● Study material
- Opening Delimiter -

(* Consider an electrical circuit, modeled as described in the context, whose incremental resistance and conductance matrices $R$ and $G$ are positive definite. An equilibrium point of this circuit is regular if and only if (i) the elastances $E_m$, $E_c$ of $q$-memristors and capacitors and the reluctances $\mathcal{R}_w$, $\mathcal{R}_l$ of $\varphi$-memristors and inductors are non-singular at the equilibrium, and (ii) the circuit has neither VLW-loops nor ICM-cutsets.
   Context: Circuit setting. The circuit has an underlying digraph $\mathcal{G}$ with $n$ nodes, $m$ branches and $k$ connected components. A cutset is a set of branches whose removal increases the number of connected components and which is minimal with this property; a loop is a cycle of branches. Let $B$ be a reduced loop matrix (full-row-rank set of rows of the loop matrix, entries $1,-1,0$ according as a branch is in a loop with the same orientation, opposite orientation, or not at all) and $D$ a reduced cutset matrix (analogous with oriented cutsets), with columns in the same branch order. Each branch carries a voltage $v$ and current $i$ and belongs to one of eight classes. $q$-devices ($v=\eta(q,i,t)$, $C^1$): $q$-memristors $v_m=\eta_1(q_m,i_m,t)$ (with $\partial\eta_1/\partial q_m\not\equiv0$, $\partial\eta_1/\partial i_m\not\equiv0$), capacitors $v_c=\eta_2(q_c,t)$, current-controlled resistors $v_r=\eta_3(i_r,t)$, voltage sources $v_u=\eta_4(t)$. $\varphi$-devices ($i=\zeta(\varphi,v,t)$, $C^1$): $\varphi$-memristors $i_w=\zeta_1(\varphi_w,v_w,t)$ (with $\partial\zeta_1/\partial\varphi_w\not\equiv0$, $\partial\zeta_1/\partial v_w\not\equiv0$), inductors $i_l=\zeta_2(\varphi_l,t)$, voltage-controlled resistors $i_g=\zeta_3(v_g,t)$, current sources $i_j=\zeta_4(t)$. Maps may be vector-valued. With $B=(B_q\ B_\varphi)$, $D=(D_q\ D_\varphi)$ split by $q$- and $\varphi$-devices, and $q_{mc}=(q_m,q_c)$, $\varphi_{wl}=(\varphi_w,\varphi_l)$, the circuit is modeled by the semiexplicit differential-algebraic system $q_{mc}'=i_{mc}$, $\varphi_{wl}'=v_{wl}$, $0=v_q-f(q_{mc},i_q,t)$, $0=i_\varphi-g(\varphi_{wl},v_\varphi,t)$, $0=B_qv_q+B_\varphi v_\varphi$, $0=D_qi_q+D_\varphi i_\varphi$, where $f$ collects $\eta_1,\dots,\eta_4$ and $g$ collects $\zeta_1,\dots,\zeta_4$. An equilibrium point is a point $(q_{mc},\varphi_{wl},v_q,i_q,v_\varphi,i_\varphi)$ at which the right-hand sides of all these equations vanish; it is regular if the Jacobian matrix $K$ of these right-hand sides with respect to $(q_{mc},\varphi_{wl},v_q,i_q,v_\varphi,i_\varphi)$ is non-singular there. Characteristic matrices: resistance $R=\partial\eta_3/\partial i_r$, conductance $G=\partial\zeta_3/\partial v_g$, elastances $E_m=\partial\eta_1/\partial q_m$, $E_c=\partial\eta_2/\partial q_c$, reluctances $\mathcal{R}_w=\partial\zeta_1/\partial\varphi_w$, $\mathcal{R}_l=\partial\zeta_2/\partial\varphi_l$. A square matrix $P$ is positive definite if $u^TPu>0$ for all $u\ne0$ (symmetry not assumed). A VLW-loop is a loop consisting only of voltage sources, inductors and/or $\varphi$-memristors; an ICM-cutset is a cutset consisting only of current sources, capacitors and/or $q$-memristors. *)

theory Defs
  imports "HOL-Analysis.Analysis"
begin
text \<open>An inadmissible entry x above the valley b either lands below a larger entry that is
  popped only after it (if x is smaller than its predecessor), or is itself popped after the
  already output m < x; either way b leaves even later, completing a 231.\<close>

lemma valley_config_inadmissible:
  assumes config: "valley_config K (b, p, m, c) L A out" and "\<not> admissible (b, p, m, c) x"
    and "x < K" and fresh: "x \<notin> set L \<union> set A \<union> set out"
  shows "occurs_231 (sc_run pat1_32 (x # xs) (rev A @ rev L) out)"
proof -
  obtain rest where rest: "rev L = b # rest" "sorted_wrt (<) (b # rest)"
    using valley_config_stack[OF config] by blast
  have "b \<in> set L" using rest(1) by (metis list.set_intros(1) set_rev)
  moreover have "\<not> x < b" using assms(2) by auto
  ultimately have "b < x" using fresh by (metis UnI1 linorder_neqE_nat)
  have "\<forall>a\<in>set (rev A). b < a" "sorted_wrt (>) (rev A)" using config by (auto simp: sorted_wrt_rev)
  from sc_insert_1_32_above_valley[OF this rest(2) \<open>b < x\<close>, of out] obtain pre as' where
    ins: "rev A = pre @ as'" "sc_insert pat1_32 x (rev A @ b # rest) out = (x # as' @ b # rest, out @ pre)"
    "rev A \<noteq> [] \<and> x < hd (rev A) \<longrightarrow> as' \<noteq> [] \<and> x < hd as'" by blast
  have run: "sc_run pat1_32 (x # xs) (rev A @ rev L) out = sc_run pat1_32 xs (x # as' @ b # rest) (out @ pre)"
    using ins(2) rest(1) by simp
  consider "\<not> p < x" | "\<not> x < m" using assms(2) by auto
  then show ?thesis
  proof cases
    case 1
    have "A \<noteq> []" using 1 config \<open>b < x\<close> by auto
    then have "p = last A" "last A \<in> set A" using config by auto
    moreover have "x \<noteq> last A" using \<open>last A \<in> set A\<close> fresh by auto
    ultimately have "x < hd (rev A)" using 1 \<open>A \<noteq> []\<close> by (simp add: hd_rev)
    then obtain y as'' where "as' = y # as''" "x < y" using ins(3) \<open>A \<noteq> []\<close> by (cases as') auto
    then show ?thesis unfolding run
      using sc_run_occurs_231[of x "out @ pre" "[x]" b "as'' @ b # rest" y pat1_32 xs] \<open>b < x\<close> by simp
  next
    case 2
    have "out \<noteq> []" using 2 \<open>x < K\<close> config by auto
    then have "m = last out" "last out \<in> set out" using config by auto
    moreover from this have "b < m" using config by auto
    moreover have "x \<noteq> m" using \<open>m = last out\<close> \<open>last out \<in> set out\<close> fresh by auto
    then have "m < x" using 2 by simp
    ultimately show ?thesis unfolding run
      using sc_run_occurs_231[of m "out @ pre" "[]" b "as' @ b # rest" x pat1_32 xs] by simp
  qed
qed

- Closing Delimiter -

● Your task
Within the listing above, how many lines contain "moreover"? Please respond with the number and nothing else.

● Solution to the problem
4